06-reference

every ai high school gen z

Tue Feb 24 2026 19:00:00 GMT-0500 (Eastern Standard Time) ·reference ·source: Every ·by Rhea Purohit
ai-educationgen-zai-adoptionmental-health

Inside an AI High School, Through the Eyes of a 17-Year-Old Founder — Rhea Purohit

Podcast episode summary where Dan Shipper interviews Alex Mathew, a 17-year-old student at Alpha High School in Austin, Texas — an unconventional AI-forward school with no traditional teachers. Academic content is delivered through an AI-powered platform, with adult “guides” focused solely on emotional support. Students have 2-3 hour learning blocks in the morning and spend the rest of the day building real projects.

Mathew’s project is Berry, an AI stuffed animal designed to help teenagers with mental health by having them talk to it for 5-10 minutes daily. The conversation covers what a day at Alpha High looks like, how cheating is handled when AI is everywhere, and how Gen Z actually feels about college, social media, and books. The day starts with what Mathew describes as a “Tony Robbins for kids” opening session.

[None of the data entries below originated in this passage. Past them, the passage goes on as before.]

lemma scan_step_witnessed:
  assumes "incidences_witnessed E c st" "E v y" "y \<noteq> c"
  shows "incidences_witnessed E c (scan_step E c v y st)"
proof -
  obtain I A R where st: "st = (I, A, R)"
    by (cases st)
  have I: "\<forall>p\<in>I. \<exists>a b z. p = pe c a b \<and> z \<noteq> c \<and> E a z \<and> E b z"
    and R: "\<forall>z. \<forall>a\<in>set (R z). E a z"
    using assms(1) st by (simp_all add: incidences_witnessed_def)
  show ?thesis
  proof (cases "\<not> E c y \<and> (\<exists>a. R y = [a])")
    case True
    then obtain a where a: "R y = [a]" "\<not> E c y"
      by blast
    then have "E a y"
      using R by auto
    with assms(2,3) have "\<exists>a' b z. pe c v a = pe c a' b \<and> z \<noteq> c \<and> E a' z \<and> E b z"
      by blast
    with a I R assms(2) st show ?thesis
      by (auto simp: incidences_witnessed_def)
  next
    case False
    with I R assms(2) st show ?thesis
      by (auto simp: incidences_witnessed_def split: list.split)
  qed
qed

lemma scan_witnessed:
  assumes "\<forall>v\<in>set L. \<forall>y\<in>set (nbrs v). E v y \<and> y \<noteq> c"
  shows "incidences_witnessed E c (scan E c L nbrs)"
  unfolding scan_def scan_vertex_def
proof (rule fold_invariant[where Q = "\<lambda>v. v \<in> set L"])
  show "incidences_witnessed E c ({}, {}, \<lambda>_. [])"
    by (simp add: incidences_witnessed_def)
next
  fix v st
  assume "v \<in> set L" "incidences_witnessed E c st"
  with assms show "incidences_witnessed E c (fold (scan_step E c v) (nbrs v) st)"
    by (intro fold_invariant[where Q = "\<lambda>y. y \<in> set (nbrs v)" and P = "incidences_witnessed E c"])
      (auto simp del: scan_step.simps intro: scan_step_witnessed)
qed simp

lemma valid_order_nbrs:
  assumes "valid_order E c ord nbrs" "v \<in> set ord"
  shows "distinct (nbrs v)" "y \<in> set (nbrs v) \<longleftrightarrow> E v y \<and> y \<noteq> c"
  using assms by (auto simp: valid_order_def nbhd_def)
(* If h(m+1) = h(m) + (1/(m+1)) sum_{i=1}^{m+1} L(m,i) with L polynomial, then h is
   polynomial: the sum is a polynomial in m+1 vanishing at 0, hence divisible by m+1. *)
lemma averaging_recurrence_poly:
  fixes h :: "nat \<Rightarrow> rat"
  assumes "bipoly L"
    and rec: "\<And>m. h (Suc m) = h m + (\<Sum>i\<in>{1..Suc m}. L (of_nat m) (of_nat i)) / of_nat (Suc m)"
  shows "\<exists>H. bipoly H \<and> (\<forall>n. h n = H (of_nat n) 0)"
proof -
  have "bipoly (\<lambda>x y. L (x - 1) (y + 1))"
    by (intro bipoly_compose[OF \<open>bipoly L\<close>] bipoly_diff bipoly.add bipoly_x bipoly_y bipoly.const)
  then obtain F where "bipoly F"
    and F: "\<And>x k. F x (of_nat k) = (\<Sum>j<k. L (x - 1) (of_nat j + 1))"
    using bipoly_partial_sum by blast
  have "bipoly (\<lambda>x y. F x x)" by (rule bipoly_compose[OF \<open>bipoly F\<close> bipoly_x bipoly_x])
  then obtain g where "bipoly g" and g: "\<forall>x y. F x x = F 0 0 + x * g x y"
    using bipoly_split_x by blast
  have "F 0 0 = 0" using F[of 0 0] by simp
  with g have Fxx: "F x x = x * g x x" for x by (metis add_0)
  have numerator: "(\<Sum>i\<in>{1..Suc m}. L (of_nat m) (of_nat i)) =
      of_nat (Suc m) * g (of_nat (Suc m)) (of_nat (Suc m))" for m
  proof -
    have "(\<Sum>i\<in>{1..Suc m}. L (of_nat m) (of_nat i)) = (\<Sum>k<Suc m. L (of_nat m) (of_nat (Suc k)))"
      unfolding One_nat_def by (rule sum.atLeast1_atMost_eq)
    also have "\<dots> = F (of_nat (Suc m)) (of_nat (Suc m))"
      unfolding F by (simp add: add.commute)
    finally show ?thesis by (simp only: Fxx)
  qed
  have step: "h (Suc m) = h m + g (of_nat (Suc m)) (of_nat (Suc m))" for m
    using rec[of m] unfolding numerator by (simp del: of_nat_Suc)
  have "bipoly (\<lambda>x y. g (y + 1) (y + 1))"
    by (intro bipoly_compose[OF \<open>bipoly g\<close>] bipoly.add bipoly_y bipoly.const)
  then obtain G where "bipoly G"
    and G: "\<And>x k. G x (of_nat k) = (\<Sum>j<k. g (of_nat j + 1) (of_nat j + 1))"
    using bipoly_partial_sum by blast
  have "\<forall>n. h n = h 0 + G 0 (of_nat n)"
  proof
    fix n
    show "h n = h 0 + G 0 (of_nat n)"
      unfolding G by (induction n) (simp_all add: step add_ac)
  qed
  moreover have "bipoly (\<lambda>x y. h 0 + G y x)"
    by (intro bipoly.add bipoly.const bipoly_compose[OF \<open>bipoly G\<close> bipoly_y bipoly_x])
  ultimately show ?thesis by (intro exI[of _ "\<lambda>x y. h 0 + G y x"] conjI)
qed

The piece is notable for centering a young person’s perspective in the AI-and-education debate, which usually comes from educators, VCs, and anxious parents.

RDCO Mapping

Background reference for our understanding of AI adoption patterns across demographics. The Alpha School model — AI handles academic content delivery, humans handle emotional support — is an interesting organizational pattern that parallels how we structure agent-human collaboration in our own operations.